TASK DIRECTIONS
Say how many lines of the data contain "real", and nothing more.

PROVIDED DATA

(* Let $(N,v)$ be a TU game with $\Pi(v)\neq\emptyset$. Then $\{\Pi(v),\Gamma(v),\Upsilon(v),\Psi(v)\}$ is a partition of $\Omega(v)$: each of the four sets is a subset of $\Omega(v)$, and every element of $\Omega(v)$ belongs to exactly one of them.
   Context: A TU game is a pair $(N,v)$ with $N=\{1,\dots,n\}$ and $v:2^N\to\mathbb{R}$, $v(\emptyset)=0$. $\mathcal{P}(N)$ denotes the set of partitions of $N$. A core solution is a pair $(\mathbf{x},\rho)$ with $\mathbf{x}\in\mathbb{R}^n$, $\rho\in\mathcal{P}(N)$, such that $\sum_{i\in S}x_i\ge v(S)$ for all $S\subseteq N$ and $\sum_{i\in S}x_i=v(S)$ for all $S\in\rho$; $\Pi(v)$ is the set of core solutions. $K_v=\max_{\rho\in\mathcal{P}(N)}\sum_{S\in\rho}v(S)$. A feasible environment state is a pair $(\mathbf{a},\mathcal{C})$ with $\mathbf{a}\in\mathbb{R}^n$ and $\mathcal{C}$ a set of pairwise disjoint subsets of $N$ such that $a_i\ge v(\{i\})$ for all $i\in N$ and $\sum_{i\in S}a_i\le v(S)$ for all $S\in\mathcal{C}$; $\Omega(v)$ is the set of feasible environment states. Define $\Gamma(v)=\{(\mathbf{a},\mathcal{C})\in\Omega(v):\sum_{i\in N}a_i=K_v,\ \sum_{i\in S}a_i\ge v(S)\ \forall S\subseteq N,\ \mathcal{C}\notin\mathcal{P}(N)\}$, $\Upsilon(v)=\{(\mathbf{a},\mathcal{C})\in\Omega(v):\sum_{i\in N}a_i>K_v,\ \sum_{i\in S}a_i\ge v(S)\ \forall S\subseteq N\}$, $\Psi(v)=\{(\mathbf{a},\mathcal{C})\in\Omega(v):\exists S\subseteq N \text{ with } \sum_{i\in S}a_i<v(S)\}$. *)

theory Defs
  imports Complex_Main "HOL-Library.Disjoint_Sets"
begin

(* Players N = {1..n}; a game is v :: nat set => real (only values on subsets of N matter).
   Payoff vectors are functions nat => real (only components in N matter). *)

definition players :: "nat \<Rightarrow> nat set" where
  "players n = {1..n}"

definition partitions :: "nat \<Rightarrow> nat set set set" where
  "partitions n = {\<rho>. partition_on (players n) \<rho>}"

definition core_solutions :: "nat \<Rightarrow> (nat set \<Rightarrow> real) \<Rightarrow> ((nat \<Rightarrow> real) \<times> nat set set) set" where
  "core_solutions n v = {(x, \<rho>). \<rho> \<in> partitions n \<and>
      (\<forall>S. S \<subseteq> players n \<longrightarrow> sum x S \<ge> v S) \<and>
      (\<forall>S\<in>\<rho>. sum x S = v S)}"

definition K_val :: "nat \<Rightarrow> (nat set \<Rightarrow> real) \<Rightarrow> real" where
  "K_val n v = Max {(\<Sum>S\<in>\<rho>. v S) | \<rho>. \<rho> \<in> partitions n}"

definition feasible_states :: "nat \<Rightarrow> (nat set \<Rightarrow> real) \<Rightarrow> ((nat \<Rightarrow> real) \<times> nat set set) set" where
  "feasible_states n v = {(a, C). C \<subseteq> Pow (players n) \<and> disjoint C \<and>
      (\<forall>i\<in>players n. a i \<ge> v {i}) \<and>
      (\<forall>S\<in>C. sum a S \<le> v S)}"

definition Gamma_set :: "nat \<Rightarrow> (nat set \<Rightarrow> real) \<Rightarrow> ((nat \<Rightarrow> real) \<times> nat set set) set" where
  "Gamma_set n v = {(a, C) \<in> feasible_states n v.
      sum a (players n) = K_val n v \<and>
      (\<forall>S. S \<subseteq> players n \<longrightarrow> sum a S \<ge> v S) \<and> C \<notin> partitions n}"

definition Upsilon_set :: "nat \<Rightarrow> (nat set \<Rightarrow> real) \<Rightarrow> ((nat \<Rightarrow> real) \<times> nat set set) set" where
  "Upsilon_set n v = {(a, C) \<in> feasible_states n v.
      sum a (players n) > K_val n v \<and>
      (\<forall>S. S \<subseteq> players n \<longrightarrow> sum a S \<ge> v S)}"

definition Psi_set :: "nat \<Rightarrow> (nat set \<Rightarrow> real) \<Rightarrow> ((nat \<Rightarrow> real) \<times> nat set set) set" where
  "Psi_set n v = {(a, C) \<in> feasible_states n v.
      (\<exists>S. S \<subseteq> players n \<and> sum a S < v S)}"

end

theory Submission
  imports Defs
begin

(* A feasible state (a, C) is either blocked by some coalition (Psi) or unblocked. An unblocked
   vector has total at least K_v, since over an optimal partition the block values are dominated
   by the block payoffs; a total above K_v puts the state in Upsilon. If C is a partition,
   feasibility bounds the total by K_v from above, and unblockedness forces equality on every
   block of C, so (a, C) is a core solution; otherwise a total equal to K_v puts it in Gamma. *)

definition unblocked :: "nat \<Rightarrow> (nat set \<Rightarrow> real) \<Rightarrow> (nat \<Rightarrow> real) \<Rightarrow> bool" where
  "unblocked n v a \<longleftrightarrow> (\<forall>S. S \<subseteq> players n \<longrightarrow> sum a S \<ge> v S)"

lemma not_unblocked_iff: "\<not> unblocked n v a \<longleftrightarrow> (\<exists>S. S \<subseteq> players n \<and> sum a S < v S)"
  by (auto simp: unblocked_def not_le)

lemma sum_partition_on:
  assumes "finite A" and "partition_on A P"
  shows "sum f A = (\<Sum>p\<in>P. sum f p)"
proof -
  have "\<forall>p\<in>P. finite p"
    using assms partition_onD1 by (metis Union_upper finite_subset)
  moreover have "\<forall>p\<in>P. \<forall>q\<in>P. p \<noteq> q \<longrightarrow> p \<inter> q = {}"
    using partition_onD2[OF assms(2)] by (auto simp: disjoint_def)
  ultimately have "sum f (\<Union>P) = (\<Sum>p\<in>P. sum f p)"
    using sum.Union_disjoint by (metis comp_apply)
  then show ?thesis
    using partition_onD1[OF assms(2)] by simp
qed

lemma finite_players: "finite (players n)"
  by (simp add: players_def)

lemma finite_partitions: "finite (partitions n)"
  unfolding partitions_def by (rule finitely_many_partition_on[OF finite_players])

lemma partitions_nonempty: "partitions n \<noteq> {}"
proof (cases "players n = {}")
  case True
  then have "{} \<in> partitions n" by (simp add: partitions_def partition_on_empty)
  then show ?thesis by blast
next
  case False
  then have "{players n} \<in> partitions n" by (simp add: partitions_def partition_on_space)
  then show ?thesis by blast
qed

lemma partition_block_subset_players: "\<rho> \<in> partitions n \<Longrightarrow> S \<in> \<rho> \<Longrightarrow> S \<subseteq> players n"
  by (auto simp: partitions_def partition_on_def)

lemma sum_partitions: "\<rho> \<in> partitions n \<Longrightarrow> sum a (players n) = (\<Sum>S\<in>\<rho>. sum a S)"
  by (simp add: partitions_def sum_partition_on[OF finite_players])

lemma K_val_attained: "\<exists>\<rho>\<in>partitions n. K_val n v = (\<Sum>S\<in>\<rho>. v S)"
proof -
  have "K_val n v \<in> {(\<Sum>S\<in>\<rho>. v S) | \<rho>. \<rho> \<in> partitions n}"
    unfolding K_val_def using finite_partitions partitions_nonempty by (intro Max_in) auto
  then show ?thesis by blast
qed

lemma sum_blocks_le_K_val: "\<rho> \<in> partitions n \<Longrightarrow> (\<Sum>S\<in>\<rho>. v S) \<le> K_val n v"
  unfolding K_val_def using finite_partitions by (intro Max_ge) auto

lemma K_val_le_total_if_unblocked:
  assumes "unblocked n v a"
  shows "K_val n v \<le> sum a (players n)"
proof -
  obtain \<rho> where \<rho>: "\<rho> \<in> partitions n" and K: "K_val n v = (\<Sum>S\<in>\<rho>. v S)"
    using K_val_attained by blast
  have "(\<Sum>S\<in>\<rho>. v S) \<le> (\<Sum>S\<in>\<rho>. sum a S)"
    using assms partition_block_subset_players[OF \<rho>] by (intro sum_mono) (auto simp: unblocked_def)
  then show ?thesis
    using K sum_partitions[OF \<rho>, of a] by simp
qed

lemma total_le_K_val:
  assumes "\<rho> \<in> partitions n" and "\<forall>S\<in>\<rho>. sum a S \<le> v S"
  shows "sum a (players n) \<le> K_val n v"
proof -
  have "(\<Sum>S\<in>\<rho>. sum a S) \<le> (\<Sum>S\<in>\<rho>. v S)"
    using assms(2) by (intro sum_mono) auto
  then show ?thesis
    using sum_partitions[OF assms(1), of a] sum_blocks_le_K_val[OF assms(1), of v] by simp
qed

lemma feasible_states_blocks_le: "(a, C) \<in> feasible_states n v \<Longrightarrow> S \<in> C \<Longrightarrow> sum a S \<le> v S"
  by (simp add: feasible_states_def)

lemma core_solutions_subset_feasible_states: "core_solutions n v \<subseteq> feasible_states n v"
proof
  fix \<omega> assume "\<omega> \<in> core_solutions n v"
  then obtain x \<rho> where \<omega>: "\<omega> = (x, \<rho>)" and \<rho>: "\<rho> \<in> partitions n"
    and unbl: "unblocked n v x" and tight: "\<forall>S\<in>\<rho>. sum x S = v S"
    by (auto simp: core_solutions_def unblocked_def)
  have "\<rho> \<subseteq> Pow (players n)" "disjoint \<rho>"
    using \<rho> by (auto simp: partitions_def partition_on_def)
  moreover have "\<forall>i\<in>players n. x i \<ge> v {i}"
    using unbl by (auto simp: unblocked_def dest: spec[of _ "{_}"])
  ultimately show "\<omega> \<in> feasible_states n v"
    using \<omega> tight by (simp add: feasible_states_def)
qed

lemma core_solutions_iff:
  assumes "(a, C) \<in> feasible_states n v"
  shows "(a, C) \<in> core_solutions n v \<longleftrightarrow> unblocked n v a \<and> C \<in> partitions n"
proof -
  have "sum a S = v S" if "unblocked n v a" "C \<in> partitions n" "S \<in> C" for S
  proof (rule order_antisym)
    show "sum a S \<le> v S"
      using feasible_states_blocks_le[OF assms \<open>S \<in> C\<close>] .
    show "v S \<le> sum a S"
      using that partition_block_subset_players by (simp add: unblocked_def)
  qed
  then show ?thesis
    by (auto simp: core_solutions_def unblocked_def)
qed

lemma total_eq_K_val_if_partition:
  assumes "(a, C) \<in> feasible_states n v" and "unblocked n v a" and "C \<in> partitions n"
  shows "sum a (players n) = K_val n v"
  using K_val_le_total_if_unblocked[OF assms(2)]
    total_le_K_val[OF assms(3), of a v] feasible_states_blocks_le[OF assms(1)] by fastforce

lemma Gamma_set_iff:
  "(a, C) \<in> feasible_states n v \<Longrightarrow>
    (a, C) \<in> Gamma_set n v \<longleftrightarrow>
    unblocked n v a \<and> sum a (players n) = K_val n v \<and> C \<notin> partitions n"
  by (auto simp: Gamma_set_def unblocked_def)

lemma Upsilon_set_iff:
  "(a, C) \<in> feasible_states n v \<Longrightarrow>
    (a, C) \<in> Upsilon_set n v \<longleftrightarrow> unblocked n v a \<and> sum a (players n) > K_val n v"
  by (auto simp: Upsilon_set_def unblocked_def)

lemma Psi_set_iff:
  "(a, C) \<in> feasible_states n v \<Longrightarrow> (a, C) \<in> Psi_set n v \<longleftrightarrow> \<not> unblocked n v a"
  by (auto simp: Psi_set_def not_unblocked_iff)

theorem proposition7:
  fixes n :: nat and v :: "nat set \<Rightarrow> real"
  assumes "v {} = 0"
    and "core_solutions n v \<noteq> {}"
  shows "core_solutions n v \<subseteq> feasible_states n v
    \<and> Gamma_set n v \<subseteq> feasible_states n v
    \<and> Upsilon_set n v \<subseteq> feasible_states n v
    \<and> Psi_set n v \<subseteq> feasible_states n v
    \<and> (\<forall>\<omega>\<in>feasible_states n v.
          length (filter (\<lambda>X. \<omega> \<in> X)
            [core_solutions n v, Gamma_set n v, Upsilon_set n v, Psi_set n v]) = 1)"
proof (intro conjI ballI)
  show "core_solutions n v \<subseteq> feasible_states n v"
    by (rule core_solutions_subset_feasible_states)
  show "Gamma_set n v \<subseteq> feasible_states n v" "Upsilon_set n v \<subseteq> feasible_states n v"
    "Psi_set n v \<subseteq> feasible_states n v"
    by (auto simp: Gamma_set_def Upsilon_set_def Psi_set_def)
  fix \<omega> assume "\<omega> \<in> feasible_states n v"
  then obtain a C where \<omega>: "\<omega> = (a, C)" and feas: "(a, C) \<in> feasible_states n v"
    by (metis surj_pair)
  consider "\<not> unblocked n v a"
    | "unblocked n v a" "K_val n v < sum a (players n)"
    | "unblocked n v a" "sum a (players n) = K_val n v" "C \<in> partitions n"
    | "unblocked n v a" "sum a (players n) = K_val n v" "C \<notin> partitions n"
    using K_val_le_total_if_unblocked by fastforce
  then show "length (filter (\<lambda>X. \<omega> \<in> X)
      [core_solutions n v, Gamma_set n v, Upsilon_set n v, Psi_set n v]) = 1"
    using total_eq_K_val_if_partition[OF feas]
    by cases (auto simp: \<omega> core_solutions_iff[OF feas] Gamma_set_iff[OF feas]
        Upsilon_set_iff[OF feas] Psi_set_iff[OF feas])
qed

end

ANSWER BELOW
10